_Collected data_:
--------------------
lemma sum_rounds_split_feasible:
  assumes "temporal_feedback_graph T S" "ub_feasible T S lam"
  shows "(\<Sum>t=1..T. f t) = (\<Sum>C\<in>maximal_orders T S. \<Sum>t\<in>set C. lam C t * f t)"
proof -
  let ?M = "maximal_orders T S"
  have "(\<Sum>t=1..T. f t) = (\<Sum>t=1..T. \<Sum>C\<in>?M. lam C t * f t)"
    using assms(2) by (simp add: ub_feasible_def flip: sum_distrib_right)
  also have "\<dots> = (\<Sum>t=1..T. \<Sum>C\<in>{C \<in> ?M. t \<in> set C}. lam C t * f t)"
    using assms(2) finite_maximal_orders[OF assms(1)]
    by (intro sum.cong refl sum.mono_neutral_right) (auto simp: ub_feasible_def)
  finally show ?thesis
    unfolding sum_rounds_conv_sum_maximal_orders[OF assms(1)] .
qed

lemma alg_loss_split:
  assumes "temporal_feedback_graph T S"
  shows "(\<Sum>t=1..T. \<Sum>i<K. alg_action T K S lam l t i * l t i)
    = (\<Sum>C\<in>maximal_orders T S. \<Sum>t\<in>set C. lam C t * (\<Sum>i<K. alg_sub_action K lam l C t i * l t i))"
proof -
  have "(\<Sum>i<K. alg_action T K S lam l t i * l t i)
    = (\<Sum>C\<in>{C \<in> maximal_orders T S. t \<in> set C}. lam C t * (\<Sum>i<K. alg_sub_action K lam l C t i * l t i))"
    for t
    unfolding alg_action_def sum_distrib_right sum_distrib_left
    by (subst sum.swap) (simp add: mult.assoc)
  then show ?thesis
    using sum_rounds_conv_sum_maximal_orders[OF assms,
        of "\<lambda>C t. lam C t * (\<Sum>i<K. alg_sub_action K lam l C t i * l t i)"]
    by simp
qed

lemma regret_le_of_comparators:
  assumes "1 \<le> K"
    and "\<And>y. y \<in> prob_simplex K \<Longrightarrow>
      (\<Sum>t=1..T. \<Sum>i<K. x t i * l t i) - (\<Sum>t=1..T. \<Sum>i<K. y i * l t i) \<le> B"
  shows "regret T K x l \<le> B"
proof -
  have "(\<lambda>i. if i = 0 then 1 else 0) \<in> prob_simplex K"
    using assms(1) by (simp add: prob_simplex_def sum.delta)
  then have "(\<Sum>t=1..T. \<Sum>i<K. x t i * l t i) - B
      \<le> Inf {(\<Sum>t=1..T. \<Sum>i<K. y i * l t i) | y. y \<in> prob_simplex K}"
    using assms(2) by (intro cInf_greatest) (force, fastforce)
  then show ?thesis
    unfolding regret_def by simp
qed

lemma alg_regret_le_ub_objective:
  assumes "2 \<le> K" "temporal_feedback_graph T S" "ub_feasible T S lam" "valid_losses T K l"
  shows "regret T K (alg_action T K S lam l) l \<le> 3 / 2 * ub_objective T S lam * sqrt (ln K)"
proof (rule regret_le_of_comparators)
  fix y assume y: "y \<in> prob_simplex K"
  let ?M = "maximal_orders T S"
  have "(\<Sum>t=1..T. \<Sum>i<K. alg_action T K S lam l t i * l t i) - (\<Sum>t=1..T. \<Sum>i<K. y i * l t i)
    = (\<Sum>C\<in>?M. (\<Sum>t\<in>set C. lam C t * (\<Sum>i<K. alg_sub_action K lam l C t i * l t i))
        - (\<Sum>t\<in>set C. lam C t * (\<Sum>i<K. y i * l t i)))"
    unfolding alg_loss_split[OF assms(2)] sum_rounds_split_feasible[OF assms(2,3)] sum_subtractf ..
  also have "\<dots> \<le> (\<Sum>C\<in>?M. 3 / 2 * sqrt (\<Sum>t\<in>set C. (lam C t)\<^sup>2) * sqrt (ln K))"
  proof (intro sum_mono alg_order_regret[OF assms(1)])
    fix C assume C: "C \<in> ?M"
    show "distinct C"
      using distinct_maximal_order[OF assms(2) C] .
    show "0 \<le> lam C t" if "t \<in> set C" for t
      using assms(3) C that set_maximal_order_subset[OF C] by (auto simp: ub_feasible_def)
    show "0 \<le> l t i \<and> l t i \<le> 1" if "t \<in> set C" "i < K" for t i
      using assms(4) that set_maximal_order_subset[OF C] by (auto simp: valid_losses_def)
  qed (rule y)
  also have "\<dots> = 3 / 2 * ub_objective T S lam * sqrt (ln K)"
    by (simp add: ub_objective_def sum_distrib_left sum_distrib_right)
  finally show "(\<Sum>t=1..T. \<Sum>i<K. alg_action T K S lam l t i * l t i) - (\<Sum>t=1..T. \<Sum>i<K. y i * l t i)
    \<le> 3 / 2 * ub_objective T S lam * sqrt (ln K)" .
qed (use assms(1) in simp)

theorem theorem1:
  "\<exists>c>0. \<forall>(T::nat) (K::nat) (S::nat \<Rightarrow> nat set) (lam::nat list \<Rightarrow> nat \<Rightarrow> real).
     K \<ge> 2 \<longrightarrow> temporal_feedback_graph T S \<longrightarrow> ub_optimal T S lam \<longrightarrow>
     alg_worst_regret T K S lam \<le> c * UB T S * sqrt (ln (real K))"
proof (intro exI[of _ "3 / 2"] conjI allI impI)
  fix T K :: nat and S :: "nat \<Rightarrow> nat set" and lam :: "nat list \<Rightarrow> nat \<Rightarrow> real"
  assume "2 \<le> K" "temporal_feedback_graph T S" "ub_optimal T S lam"
  then have "ub_feasible T S lam" "UB T S = ub_objective T S lam"
    by (simp_all add: ub_optimal_def)
  have "valid_losses T K (\<lambda>_ _. 0)"
    by (simp add: valid_losses_def)
  then show "alg_worst_regret T K S lam \<le> 3 / 2 * UB T S * sqrt (ln (real K))"
    unfolding alg_worst_regret_def \<open>UB T S = ub_objective T S lam\<close>
    using alg_regret_le_ub_objective[OF \<open>2 \<le> K\<close> \<open>temporal_feedback_graph T S\<close> \<open>ub_feasible T S lam\<close>]
    by (intro cSup_least) auto
qed simp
--------------------
_Problem statement_: Every line from the one containing "by (simp add: ub_objective_def" to the end of the entries must be set down exactly, with none omitted and none added.

_Response to this exercise_:
    by (simp add: ub_objective_def sum_distrib_left sum_distrib_right)
  finally show "(\<Sum>t=1..T. \<Sum>i<K. alg_action T K S lam l t i * l t i) - (\<Sum>t=1..T. \<Sum>i<K. y i * l t i)
    \<le> 3 / 2 * ub_objective T S lam * sqrt (ln K)" .
qed (use assms(1) in simp)

theorem theorem1:
  "\<exists>c>0. \<forall>(T::nat) (K::nat) (S::nat \<Rightarrow> nat set) (lam::nat list \<Rightarrow> nat \<Rightarrow> real).
     K \<ge> 2 \<longrightarrow> temporal_feedback_graph T S \<longrightarrow> ub_optimal T S lam \<longrightarrow>
     alg_worst_regret T K S lam \<le> c * UB T S * sqrt (ln (real K))"
proof (intro exI[of _ "3 / 2"] conjI allI impI)
  fix T K :: nat and S :: "nat \<Rightarrow> nat set" and lam :: "nat list \<Rightarrow> nat \<Rightarrow> real"
  assume "2 \<le> K" "temporal_feedback_graph T S" "ub_optimal T S lam"
  then have "ub_feasible T S lam" "UB T S = ub_objective T S lam"
    by (simp_all add: ub_optimal_def)
  have "valid_losses T K (\<lambda>_ _. 0)"
    by (simp add: valid_losses_def)
  then show "alg_worst_regret T K S lam \<le> 3 / 2 * UB T S * sqrt (ln (real K))"
    unfolding alg_worst_regret_def \<open>UB T S = ub_objective T S lam\<close>
    using alg_regret_le_ub_objective[OF \<open>2 \<le> K\<close> \<open>temporal_feedback_graph T S\<close> \<open>ub_feasible T S lam\<close>]
    by (intro cSup_least) auto
qed simp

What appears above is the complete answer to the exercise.